OLR Bill Analysis
HB 5096 (File 171, as amended by Senate “A”)*
AN ACT CONCERNING THE FIREARMS EVIDENCE DATABANK.
This bill makes changes in the laws pertaining to the state's firearms evidence databank, which, under current law, is a computerized system that stores discharged ammunition from handguns (pistols and revolvers) submitted to the state forensic science laboratory within the Department of Emergency Services and Public Protection (DESPP).
Among other things, the bill (1) conforms the law to practice by expanding the types of ammunition the databank stores to include not just handgun ammunition but other firearm ammunition as well; (2) eliminates the mandate for entering all handgun “test fire” data as defined in law and instead gives personnel discretion in data entry; (3) allows, rather than requires, police departments to submit to the laboratory for testing handguns in their custody that pertain to a criminal investigation; (4) allows, rather than requires, the laboratory to test fire handguns submitted to it; and (5) eliminates the mandate for completing tests within 60 days of submission.
The bill also makes technical and conforming changes.
*Senate Amendment “A” (1) requires the databank to maintain evidence on all firearm, not just handgun, ammunition, and makes conforming changes; (2) allows, rather than requires, police to submit to the laboratory for testing handguns that pertain to a criminal investigation; and (3) allows, rather than requires, test fires of handguns submitted to the laboratory.
EFFECTIVE DATE: October 1, 2012
FIREARMS EVIDENCE DATABANK
Under current law, the databank is a computer-based system that scans and stores images of handgun “test fires” in a way that can be retrieved and compared with other test fires and evidence. The bill renames “test fires” as “fired components of ammunition” and makes conforming and other changes to reflect the new label.
Under the bill, “fired components of ammunition,” means discharged ammunition consisting of a cartridge case or a bullet fragment, collected after a handgun is fired and containing sufficient microscopical characteristics to compare to other discharged ammunition or to determine the handgun from which the ammunition was fired. Fired components of ammunition includes ammunition collected from any firearm, not just handguns.

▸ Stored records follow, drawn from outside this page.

section \<open>The value function\<close>

lemma classZ_near_zero_infimum:
  fixes g :: "'a::{real_normed_vector, heine_borel} \<Rightarrow> real"
  assumes g: "continuous_on UNIV g" "classZ g"
    and A: "bounded A" "A \<noteq> {}" and inf: "(INF a\<in>A. g a) = 0" and \<rho>: "\<rho> > 0"
  obtains a y where "a \<in> A" "norm (y - a) < \<rho>" "g y < 0"
proof -
  have "compact (closure A)"
    using A(1) by (simp add: compact_eq_bounded_closed bounded_closure)
  moreover have "closure A \<noteq> {}"
    using A(2) by simp
  ultimately obtain l where l: "l \<in> closure A" and l_min: "\<And>x. x \<in> closure A \<Longrightarrow> g l \<le> g x"
    using continuous_attains_inf[of "closure A" g] continuous_on_subset[OF g(1)] by blast
  have "bdd_below (g ` A)"
    using l_min by (intro bdd_belowI[of _ "g l"]) (auto intro: closure_subset[THEN subsetD])
  then have "0 \<le> g a" if "a \<in> A" for a
    using cINF_lower[OF _ that] inf by metis
  then have "closure A \<subseteq> {x. 0 \<le> g x}"
    using g(1) by (intro closure_minimal closed_Collect_le continuous_intros) auto
  then have "0 \<le> g l"
    using l by blast
  moreover have "g l \<le> 0"
    unfolding inf[symmetric] using A(2) l_min by (intro cINF_greatest) (auto intro: closure_subset[THEN subsetD])
  ultimately have "g l = 0"
    by simp
  then obtain y where y: "norm (y - l) < \<rho> / 2" "g y < 0"
    using g(2) \<rho> unfolding classZ_def by (meson half_gt_zero)
  obtain a where a: "a \<in> A" "dist a l < \<rho> / 2"
    using l \<rho> unfolding closure_approachable by (meson half_gt_zero)
  have "norm (y - a) \<le> norm (y - l) + norm (l - a)"
    using norm_triangle_ineq[of "y - l" "l - a"] by simp
  also have "\<dots> < \<rho>"
    using y(1) a(2) by (simp add: dist_norm norm_minus_commute)
  finally show thesis
    using that a(1) y(2) by blast
qed

context control_system
begin

lemma value_fun_le:
  assumes t: "0 \<le> t" "t \<le> T" and g: "continuous_on UNIV g" and u: "u \<in> controls U t T"
  shows "value_fun f U g T t x \<le> g (traj f t T x u T)"
proof -
  obtain R where R: "\<And>u. u \<in> controls U t T \<Longrightarrow> norm (traj f t T x u T) \<le> R"
    using traj_endpoint_bounded[OF t] by blast
  obtain m where "\<And>y. y \<in> cball 0 R \<Longrightarrow> g m \<le> g y"
    using continuous_attains_inf[of "cball 0 R" g] continuous_on_subset[OF g] R[OF u]
    by (metis compact_cball cball_eq_empty empty_iff mem_cball_0 not_less order_trans norm_ge_zero subset_UNIV)
  then have "bdd_below ((\<lambda>u. g (traj f t T x u T)) ` controls U t T)"
    using R by (intro bdd_belowI[of _ "g m"]) auto
  then show ?thesis
    unfolding value_fun_def using u by (rule cINF_lower)
qed

lemma classZ_value_fun:
  assumes t: "0 \<le> t" "t \<le> T" and U_ne: "U \<noteq> {}" and g: "continuous_on UNIV g" "classZ g"
  shows "classZ (\<lambda>x. value_fun f U g T t x)"
  unfolding classZ_def
proof (intro allI impI)
  fix xb r assume v0: "value_fun f U g T t xb = 0" and r: "(r::real) > 0"
  define A where "A = (\<lambda>u. traj f t T xb u T) ` controls U t T"
  define \<rho> where "\<rho> = r / exp (L * (T - t))"
  have bdd: "bounded A"
    unfolding A_def using traj_endpoint_bounded[OF t] by (metis (no_types, lifting) bounded_iff imageE)
  have ne: "A \<noteq> {}"
    unfolding A_def using controls_nonempty[OF U_ne] by blast
  have inf: "(INF a\<in>A. g a) = 0"
    using v0 unfolding A_def value_fun_def by (simp add: image_comp comp_def)
  have \<rho>: "\<rho> > 0"
    using r by (simp add: \<rho>_def)
  obtain a y' where a: "a \<in> A" and y': "norm (y' - a) < \<rho>" "g y' < 0"
    by (rule classZ_near_zero_infimum[OF g bdd ne inf \<rho>])
  then obtain u where u: "u \<in> controls U t T" and a_eq: "a = traj f t T xb u T"
    unfolding A_def by blast
  have T: "T \<in> {t..T}" and tt: "t \<in> {t..T}"
    using t by auto
  obtain z where z: "is_solution f t T (z t) u z" "\<And>s. s \<notin> {t..T} \<Longrightarrow> z s = z t" "z T = y'"
    using exists_solution_through[OF t(1) u T] by blast
  have traj_z: "traj f t T (z t) u = z"
    using z by (intro traj_eqI[OF t(1) u]) auto
  have "norm (z t - xb) \<le> exp (L * (T - t)) * norm (y' - traj f t T xb u T)"
    using solution_dist_le[OF t(1) u z(1) traj_solution(1)[OF t u] T tt] traj_solution(2)[OF t u] z(3) t
    by simp
  also have "\<dots> < exp (L * (T - t)) * \<rho>"
    using y'(1) a_eq by simp
  also have "\<dots> = r"
    by (simp add: \<rho>_def)
  finally have "norm (z t - xb) < r" .
  moreover have "value_fun f U g T t (z t) < 0"
    using value_fun_le[OF t g(1) u, of "z t"] traj_z z(3) y'(2) by simp
  ultimately show "\<exists>x. norm (x - xb) < r \<and> value_fun f U g T t x < 0"
    by blast
qed
lemma pair_step_matching:
  assumes "pair_related dx dy" "tr (case_prod mrg dx) a x'"
  shows "\<exists>dx' dy' seg. matching_step tau tr merge_colour (case_prod mrg) pair_step pair_related dx dy a x' dx' dy' seg"
proof -
  obtain p q p' q' where dx: "dx = (p, q)" and dy: "dy = (p', q')"
    by (cases dx, cases dy)
  have C1: "C1 p = C1 p'" and C2: "C2 q = C2 q'"
    using assms(1) dx dy by auto
  from assms(2) dx consider p1 where "tr p a p1" "x' = mrg p1 q" | q1 where "tr q a q1" "x' = mrg p q1"
    by (auto simp: merge_step)
  then show ?thesis
    by cases (use left_step_matching[OF C1 C2] right_step_matching[OF C1 C2] dx dy in auto)
qed

lemma pair_divergence_matching:
  assumes steps: "\<And>i. pair_step (h i) tau (h (Suc i)) \<and> pair_related (h i) dy"
  shows "\<exists>f. inf_path tr (case_prod mrg dy) f \<and>
    (\<forall>i. fst (f i) = tau \<and> merge_colour (snd (f i)) = merge_colour (case_prod mrg dy))"
proof -
  obtain p' q' where dy: "dy = (p', q')"
    by (cases dy)
  define P where "P i = fst (h i)" for i
  define Q where "Q i = snd (h i)" for i
  have h: "h i = (P i, Q i)" for i
    by (simp add: P_def Q_def)
  have C1: "C1 (P i) = C1 p'" and C2: "C2 (Q i) = C2 q'" for i
    using steps[of i] dy h[of i] by auto
  have "(tr (P i) tau (P (Suc i)) \<and> Q (Suc i) = Q i) \<or> (P (Suc i) = P i \<and> tr (Q i) tau (Q (Suc i)))" for i
    using steps[of i] h[of i] h[of "Suc i"] by simp
  then show ?thesis
  proof (cases rule: interleaved_divergence[where P = P and Q = Q])
    case (left i f)
    then have "\<forall>k. fst (f k) = tau \<and> C1 (snd (f k)) = C1 p'"
      using C1 by (metis rangeE)
    then show ?thesis
      unfolding dy case_prod_conv
      by (rule div_preserving_transfer_map[OF div_preserving1 left(1) C1, where K = "\<lambda>w. mrg w q'" and D = merge_colour])
        (erule merge_step_left, erule merge_colour_mrg[OF _ refl])
  next
    case (right i f)
    then have "\<forall>k. fst (f k) = tau \<and> C2 (snd (f k)) = C2 q'"
      using C2 by (metis rangeE)
    then show ?thesis
      unfolding dy case_prod_conv
      by (rule div_preserving_transfer_map[OF div_preserving2 right(1) C2, where K = "\<lambda>w. mrg p' w" and D = merge_colour])
        (erule merge_step_right, erule merge_colour_mrg[OF refl])
  qed
qed

lemma path_matching_pairs: "path_matching tau tr merge_colour (case_prod mrg) pair_step pair_related"
proof
  fix dx dy
  assume "pair_related dx dy"
  moreover obtain p q p' q' where "dx = (p, q)" "dy = (p', q')"
    by (cases dx, cases dy)
  ultimately show "merge_colour (case_prod mrg dx) = merge_colour (case_prod mrg dy)"
    using merge_colour_mrg[of p p' q q'] by simp
qed (fact pair_step_matching pair_divergence_matching)+

lemma merge_colour_consistent_div_preserving:
  "consistent tau tr merge_colour \<and> div_preserving tau tr merge_colour"
proof -
  interpret path_matching tau tr merge_colour "case_prod mrg" pair_step pair_related
    by (rule path_matching_pairs)
  have "ctraces tau tr merge_colour x = ctraces tau tr merge_colour y \<and>
        div_ctraces tau tr merge_colour x = div_ctraces tau tr merge_colour y"
    if "(x, y) \<in> related_merges\<^sup>*" for x y
    using that
  proof (induction rule: rtrancl_induct)
    case (step y z)
    then obtain p q p' q' where yz: "y = mrg p q" "z = mrg p' q'" and
      related: "pair_related (p, q) (p', q')" "pair_related (p', q') (p, q)"
      unfolding related_merges_def by auto
    have "ctraces tau tr merge_colour y = ctraces tau tr merge_colour z"
      using ctraces_subset[OF related(1)] ctraces_subset[OF related(2)] yz by auto
    moreover have "div_ctraces tau tr merge_colour y = div_ctraces tau tr merge_colour z"
      using div_ctraces_subset[OF related(1)] div_ctraces_subset[OF related(2)] yz by auto
    ultimately show ?case
      using step.IH by simp
  qed simp
  then show ?thesis
    unfolding consistent_def div_preserving_def by (simp add: merge_colour_eq_iff)
qed

end

theorem theorem5p2:
  fixes tau :: 'a and tr :: "'s \<Rightarrow> 'a \<Rightarrow> 's \<Rightarrow> bool" and mrg :: "'s \<Rightarrow> 's \<Rightarrow> 's"
  assumes "is_merge tr mrg"
    and "bbisim_div tau tr s t"
    and "bbisim_div tau tr u v"
  shows "bbisim_div tau tr (mrg s u) (mrg t v)"
proof -
  obtain C1 :: "'s \<Rightarrow> 's set" where C1: "consistent tau tr C1" "div_preserving tau tr C1" "C1 s = C1 t"
    using assms(2) unfolding bbisim_div_def by blast
  obtain C2 :: "'s \<Rightarrow> 's set" where C2: "consistent tau tr C2" "div_preserving tau tr C2" "C2 u = C2 v"
    using assms(3) unfolding bbisim_div_def by blast
  interpret merged_colourings tau tr mrg C1 C2
    using assms(1) C1 C2 by unfold_locales
  show ?thesis
    unfolding bbisim_div_def
    using merge_colour_consistent_div_preserving merge_colour_mrg[OF C1(3) C2(3)]
    by (intro exI[of _ merge_colour]) simp
qed

end
lemma prob_run_iters_overflow_le:
  assumes "finite U" "U \<subseteq> {1..n}" "SOL \<subseteq> {1..m}"
    "\<forall>i\<in>{1..m}. real (card (S i \<inter> U)) \<le> thr" "real sp \<le> space_budget n m t"
  shows "measure_pmf.prob (run_iters n m S q oc j (U, SOL, sp))
           {st. space_budget n m t < real (snd (snd st))}
         \<le> overflow_rate q thr t * potential m S U"
  using assms
proof (induction j arbitrary: U SOL sp)
  case 0
  then show ?case
    using overflow_rate_nonneg[OF t] potential_nonneg by simp
next
  case (Suc j)
  let ?overflow = "{st. space_budget n m t < real (snd (snd st))}"
  let ?c = "overflow_rate q thr t" and ?\<Phi> = "potential m S"
  let ?run = "\<lambda>Us. run_iters n m S q oc j (iter_successor n m S oc (U, SOL, sp) Us)"
  define h where "h Us = (exp (?\<Phi> Us) - 1) / (exp t - 1) + ?c * (?\<Phi> U - ?\<Phi> Us)" for Us
  have fin: "finite (set_pmf (sample_set U q))"
    using finite_set_pmf_sample_set[OF Suc.prems(1)] .
  have step: "measure_pmf.prob (?run Us) ?overflow \<le> h Us" if "Us \<in> set_pmf (sample_set U q)" for Us
  proof -
    have "Us \<subseteq> U" using set_pmf_sample_set_subset[OF that] .
    then have "0 \<le> ?c * (?\<Phi> U - ?\<Phi> Us)"
      using potential_mono[OF Suc.prems(1)] overflow_rate_nonneg[OF t] by simp
    show ?thesis
    proof (cases "t \<le> ?\<Phi> Us")
      case True
      then have "1 \<le> (exp (?\<Phi> Us) - 1) / (exp t - 1)" using t by simp
      then show ?thesis
        using \<open>0 \<le> ?c * (?\<Phi> U - ?\<Phi> Us)\<close> measure_pmf.prob_le_1[of "?run Us" ?overflow]
        unfolding h_def by linarith
    next
      case False
      then have "?\<Phi> Us \<le> t" by simp
      then obtain U' SOL' sp' where succ: "iter_successor n m S oc (U, SOL, sp) Us = (U', SOL', sp')"
        and inv: "finite U'" "U' \<subseteq> {1..n}" "SOL' \<subseteq> {1..m}"
          "\<forall>i\<in>{1..m}. real (card (S i \<inter> U')) \<le> thr" "real sp' \<le> space_budget n m t"
        and drop: "?\<Phi> U' \<le> ?\<Phi> U - ?\<Phi> Us"
        by (rule iter_successor_invariant[OF Suc.prems \<open>Us \<subseteq> U\<close>])
      have "measure_pmf.prob (?run Us) ?overflow \<le> ?c * ?\<Phi> U'"
        unfolding succ by (rule Suc.IH[OF inv])
      also have "\<dots> \<le> ?c * (?\<Phi> U - ?\<Phi> Us)"
        using drop overflow_rate_nonneg[OF t] by (intro mult_left_mono) auto
      also have "\<dots> \<le> h Us"
        using t potential_nonneg[of m S Us] by (simp add: h_def)
      finally show ?thesis .
    qed
  qed
  have "measure_pmf.prob (run_iters n m S q oc (Suc j) (U, SOL, sp)) ?overflow
      = measure_pmf.expectation (sample_set U q) (\<lambda>Us. measure_pmf.prob (?run Us) ?overflow)"
    by (simp add: run_iters_Suc_first iter_step_eq_map_pmf prob_bind_pmf del: run_iters.simps(2))
  also have "\<dots> \<le> measure_pmf.expectation (sample_set U q) h"
    by (intro integral_mono_AE AE_pmfI step integrable_measure_pmf_finite fin)
  also have "\<dots> = measure_pmf.expectation (sample_set U q) (\<lambda>Us. (exp (?\<Phi> Us) - 1) / (exp t - 1))
      + ?c * (?\<Phi> U - q * ?\<Phi> U)"
  proof -
    have "measure_pmf.expectation (sample_set U q) (\<lambda>Us. ?\<Phi> Us) = q * ?\<Phi> U"
      unfolding potential_def by (rule expectation_sum_sample_set[OF Suc.prems(1) q])
    then show ?thesis
      unfolding h_def by (simp add: integrable_measure_pmf_finite[OF fin])
  qed
  also have "\<dots> \<le> ?c * ?\<Phi> U"
    using expectation_overflow_le[OF Suc.prems(1) m q t Suc.prems(4)] by (simp add: algebra_simps)
  finally show ?case .
qed

end

lemma overflow_rate_shifted_le:
  assumes M: "0 \<le> q * thr" and K: "0 < K"
  shows "overflow_rate q thr (q * thr + ln (K + 1)) \<le> 2 / K"
proof -
  have pos: "0 < exp (q * thr) * K" using K by simp
  have le: "exp (q * thr) * K \<le> exp (q * thr + ln (K + 1)) - 1"
    using M K by (simp add: exp_add algebra_simps)
  have "2 * exp (q * thr) / (exp (q * thr + ln (K + 1)) - 1) \<le> 2 * exp (q * thr) / (exp (q * thr) * K)"
    by (rule divide_left_mono[OF le]) (use mult_pos_pos[OF less_le_trans[OF pos le] pos] in auto)
  then show ?thesis
    by (simp add: overflow_rate_def)
qed

lemma sample_rate_mult_threshold_le:
  fixes n m \<alpha> :: nat and \<epsilon> optt :: real
  assumes n: "n \<ge> 1" and m: "m \<ge> 1" and \<epsilon>: "0 < \<epsilon>"
  shows "min 1 (max 0 (16 * optt * log 2 (real m) / real n powr (1 - 1 / real \<alpha>)))
           * max 0 (real n / (\<epsilon> * optt))
         \<le> 16 * log 2 (real m) * real n powr (1 / real \<alpha>) / \<epsilon>"
    (is "min 1 (max 0 ?p) * max 0 ?thr \<le> ?rhs")
proof (cases "?thr \<le> 0")
  case True
  then show ?thesis using m \<epsilon> by simp
next
  case False
  then have "0 < \<epsilon> * optt" using n by (simp add: not_le zero_less_divide_iff)
  then have "0 < optt" using \<epsilon> by (simp add: zero_less_mult_iff)
  then have "min 1 (max 0 ?p) \<le> ?p" using m by simp
  moreover have thr: "max 0 ?thr = ?thr" using False by simp
  ultimately have "min 1 (max 0 ?p) * max 0 ?thr \<le> ?p * ?thr"
    unfolding thr using False by (intro mult_right_mono) auto
  also have "\<dots> = 16 * log 2 (real m) * (real n / real n powr (1 - 1 / real \<alpha>)) / \<epsilon>"
    using \<open>0 < optt\<close> \<epsilon> by (simp add: field_simps)
  also have "real n / real n powr (1 - 1 / real \<alpha>) = real n powr (1 / real \<alpha>)"
    using n by (simp add: powr_diff)
  finally show ?thesis .
qed

lemma wlen_le_log:
  assumes "real k + 1 \<le> N"
  shows "real (wlen k) \<le> log 2 N + 1"
proof -
  have "real (wlen k) = real_of_int \<lceil>log 2 (real k + 1)\<rceil>"
    unfolding wlen_def by simp
  also have "\<dots> \<le> log 2 (real k + 1) + 1" by linarith
  also have "log 2 (real k + 1) \<le> log 2 N" using assms by simp
  finally show ?thesis by simp
qed
lemma multiples_eq_image:
  fixes r N :: nat
  assumes "r \<ge> 1"
  shows "{p\<in>{1..N}. r dvd p} = (\<lambda>j. r * j) ` {1..N div r}"
proof (intro set_eqI iffI)
  fix p assume "p \<in> {p\<in>{1..N}. r dvd p}"
  then obtain j where "p = r * j" "1 \<le> r * j" "r * j \<le> N"
    by (auto elim!: dvdE)
  moreover from this have "1 \<le> j" "j \<le> N div r"
    using assms less_eq_div_iff_mult_less_eq [of r j N] by (auto simp: mult.commute intro: Suc_leI)
  ultimately show "p \<in> (\<lambda>j. r * j) ` {1..N div r}"
    by auto
next
  fix p assume "p \<in> (\<lambda>j. r * j) ` {1..N div r}"
  then obtain j where "p = r * j" "1 \<le> j" "j \<le> N div r"
    by force
  moreover from this have "r * j \<le> N"
    using assms less_eq_div_iff_mult_less_eq [of r j N] by (simp add: mult.commute)
  ultimately show "p \<in> {p\<in>{1..N}. r dvd p}"
    using assms by (auto intro: order_trans [OF _ mult_le_mono [of 1 r 1 j]])
qed

lemma prod_multiples_agree:
  assumes "r \<ge> 1"
  shows "fps_agree N (\<Prod>p\<in>{p\<in>{1..N}. r dvd p}. 1 - fps_X ^ p) (euler_prod r :: 'a::comm_ring_1 fps)"
proof -
  have "inj_on (\<lambda>j. r * j) {1..N div r}"
    using assms by (auto simp: inj_on_def)
  then have "(\<Prod>p\<in>{p\<in>{1..N}. r dvd p}. 1 - fps_X ^ p) = (\<Prod>j\<in>{1..N div r}. 1 - fps_X ^ (r * j) :: 'a fps)"
    by (subst multiples_eq_image [OF assms]) (simp add: prod.reindex)
  also have "fps_agree N \<dots> (euler_prod r)"
  proof (rule euler_prod_agree [OF assms])
    fix j assume "j > N div r"
    then show "N < r * j"
      using assms div_less_iff_less_mult [of r N j] by (simp add: mult.commute)
  qed
  finally show ?thesis .
qed

lemma prod_nondivisible_parts:
  fixes f :: "nat \<Rightarrow> 'c::comm_monoid_mult"
  assumes "coprime l m"
  shows "(\<Prod>p\<in>nondivisible_parts l m N. f p) * (\<Prod>p\<in>{p\<in>{1..N}. l dvd p}. f p) * (\<Prod>p\<in>{p\<in>{1..N}. m dvd p}. f p)
       = (\<Prod>p\<in>{1..N}. f p) * (\<Prod>p\<in>{p\<in>{1..N}. l * m dvd p}. f p)"
proof -
  let ?L = "{p\<in>{1..N}. l dvd p}" and ?M = "{p\<in>{1..N}. m dvd p}"
  have "{1..N} = nondivisible_parts l m N \<union> (?L \<union> ?M)"
    by (auto simp: nondivisible_parts_def)
  then have "prod f {1..N} = prod f (nondivisible_parts l m N \<union> (?L \<union> ?M))"
    by (rule arg_cong)
  also have "\<dots> = prod f (nondivisible_parts l m N) * prod f (?L \<union> ?M)"
    by (rule prod.union_disjoint) (auto simp: nondivisible_parts_def)
  finally have "prod f {1..N} = prod f (nondivisible_parts l m N) * prod f (?L \<union> ?M)" .
  moreover have "prod f (?L \<union> ?M) * prod f (?L \<inter> ?M) = prod f ?L * prod f ?M"
    by (rule prod.union_inter) auto
  moreover have "?L \<inter> ?M = {p\<in>{1..N}. l * m dvd p}"
    using assms by (auto simp: divides_mult intro: dvd_mult_left dvd_mult_right)
  ultimately show ?thesis
    by (simp add: mult.assoc)
qed

theorem partition_gf_euler_prod:
  assumes "l \<ge> 1" "m \<ge> 1" "coprime l m"
  shows "partition_gf k l m * euler_prod 1 ^ k * euler_prod (l * m) ^ k
       = (euler_prod l ^ k * euler_prod m ^ k :: 'a::comm_ring_1 fps)"
proof (rule fps_eq_if_agree)
  fix N
  let ?A = "\<Prod>p\<in>nondivisible_parts l m N. 1 - fps_X ^ p :: 'a fps"
  let ?P = "\<lambda>r. \<Prod>p\<in>{p\<in>{1..N}. r dvd p}. 1 - fps_X ^ p :: 'a fps"
  have P: "fps_agree N (?P r) (euler_prod r)" if "r \<ge> 1" for r
    using that by (rule prod_multiples_agree)
  have P1: "?P 1 = (\<Prod>p\<in>{1..N}. 1 - fps_X ^ p)"
    by (rule prod.cong) auto
  have "partition_gf k l m * ?P 1 ^ k * ?P (l * m) ^ k
      = partition_gf k l m * ((\<Prod>p\<in>{1..N}. 1 - fps_X ^ p) * ?P (l * m)) ^ k"
    by (simp only: P1 power_mult_distrib mult.assoc)
  also have "\<dots> = partition_gf k l m * (?A * ?P l * ?P m) ^ k"
    by (simp only: prod_nondivisible_parts [OF assms(3)])
  also have "\<dots> = (partition_gf k l m * ?A ^ k) * (?P l ^ k * ?P m ^ k)"
    by (simp only: power_mult_distrib mult_ac)
  finally have "partition_gf k l m * ?P 1 ^ k * ?P (l * m) ^ k
      = (partition_gf k l m * ?A ^ k) * (?P l ^ k * ?P m ^ k)" .
  moreover have "fps_agree N (partition_gf k l m * euler_prod 1 ^ k * euler_prod (l * m) ^ k)
      (partition_gf k l m * ?P 1 ^ k * ?P (l * m) ^ k)"
    using assms by (intro fps_agree_mult fps_agree_power fps_agree_refl fps_agree_sym [OF P]) simp_all
  ultimately have "fps_agree N (partition_gf k l m * euler_prod 1 ^ k * euler_prod (l * m) ^ k)
      ((partition_gf k l m * ?A ^ k) * (?P l ^ k * ?P m ^ k))"
    by simp
  also have "fps_agree N \<dots> (1 * (euler_prod l ^ k * euler_prod m ^ k))"
    using assms by (intro fps_agree_mult partition_gf_agree fps_agree_power P) simp_all
  finally show "fps_agree N (partition_gf k l m * euler_prod 1 ^ k * euler_prod (l * m) ^ k)
      (euler_prod l ^ k * euler_prod m ^ k :: 'a fps)"
    by simp
qed
(* Suppose that for every $s\in G$ and every $x_{P(s)}\in\mathcal{X}_{P(s)}$ there is a (possibly infinite) set $\Gamma(s,x_{P(s)})$ of real-valued functions on $\mathcal{X}_s$ such that $\mathcal{M}_{s\mid x_{P(s)}}$ is exactly the set of real-valued functions $p$ on $\mathcal{X}_s$ with $\sum_{z_s}p(z_s)=1$ and $\sum_{z_s}p(z_s)\gamma(z_s)\geq0$ for all $\gamma\in\Gamma(s,x_{P(s)})$. Then $\mathcal{F}^{\mathrm{irr}}_G(X_G)$ consists exactly of those real-valued functions $P(X_G)$ on $\mathcal{X}_G$ (not required a priori to be non-negative) such that $\sum_{z_G\in\mathcal{X}_G}P(z_G)=1$ and, for all $s\in G$, all $x_{N(s)}\in\mathcal{X}_{N(s)}$ and all $\gamma\in\Gamma(s,x_{P(s)})$, $$\sum_{z_s\in\mathcal{X}_s}\ \sum_{z_{D(s)}\in\mathcal{X}_{D(s)}}P(z_s,z_{D(s)},x_{N(s)})\,\gamma(z_s)\geq 0,$$ where $x_{P(s)}$ is the restriction of $x_{N(s)}$ to $P(s)$.
   Context: Setting: $G$ is a finite set of nodes forming a DAG. Each node $s\in G$ carries a variable $X_s$ taking values in a finite nonempty set $\mathcal{X}_s$; for $S\subseteq G$, $\mathcal{X}_S=\times_{s\in S}\mathcal{X}_s$ with elements $x_S$. $P(s)$: parents of $s$; $s\sqsubset v$: there is a directed path of positive length from $s$ to $v$; $D(s)=\{v: s\sqsubset v\}$; $N(s)=G\setminus(\{s\}\cup D(s))$. Local models: for every $s$ and $x_{P(s)}$, $\mathcal{M}_{s\mid x_{P(s)}}$ is a nonempty closed convex set of probability mass functions on $\mathcal{X}_s$. A full conditional probability measure on a finite set $\Omega$ is a map $(A,B)\mapsto P(A\mid B)$ defined for $A\subseteq\Omega$ and nonempty $B\subseteq\Omega$ such that (F1) $P(\cdot\mid B)$ is a probability measure with $P(B\mid B)=1$, and (F2) $P(A\cap C\mid B)=P(A\mid C\cap B)P(C\mid B)$ whenever $C\cap B\neq\emptyset$. The event $x_S$ denotes $\{z_G: z_S=x_S\}$; $P(A)=P(A\mid \mathcal{X}_G)$. The irrelevant natural extension $\mathcal{F}^{\mathrm{irr}}_G$ is the set of all full conditional probability measures $P$ on $\mathcal{X}_G$ such that $P(X_s\mid x_{N(s)})\in\mathcal{M}_{s\mid x_{P(s)}}$ for all $s\in G$ and $x_{N(s)}\in\mathcal{X}_{N(s)}$ ($x_{P(s)}$ being the restriction of $x_{N(s)}$). $\mathcal{F}^{\mathrm{irr}}_G(X_G)=\{x_G\mapsto P(x_G): P\in\mathcal{F}^{\mathrm{irr}}_G\}$. *)

theory Defs
  imports "HOL-Analysis.Analysis"
begin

The bill allows, rather than requires, DESPP forensic science laboratory personnel to enter evidence of fired components of ammunition into the databank.
Subjects of and Deadline for Test Fires
Under current law, (1) police departments must submit to the laboratory any handguns in their custody that were found, ordered destroyed by a court, or pertain to a criminal investigation before returning or destroying them and (2) the laboratory must collect a test fire from each handgun submitted within 60 days of submission.
The bill (1) eliminates the requirement for the departments to submit guns that were found or ordered destroyed; (2) allows, rather than requires, them to submit handguns related to criminal investigations; (3) allows, rather than requires, the laboratory to test fire the guns; and (4) eliminates the 60-day deadline for such tests.
By law, police departments must collect a test fire from all handguns before issuing them to their employees. Under current law, they must submit two intact cartridges of the same type of ammunition used for the test fire. The bill instead requires a department to submit two cartridges that are representative samples of the ammunition the department uses in its service handguns.
When a firearm is discharged, it leaves unique markings on the bullets and shell casings. The bullets and shell casings are ballistic data. Ballistic identification systems make it possible to link bullets and shell casings recovered at crime scenes. They can identify the make, model, and serial number of the gun that fired a bullet.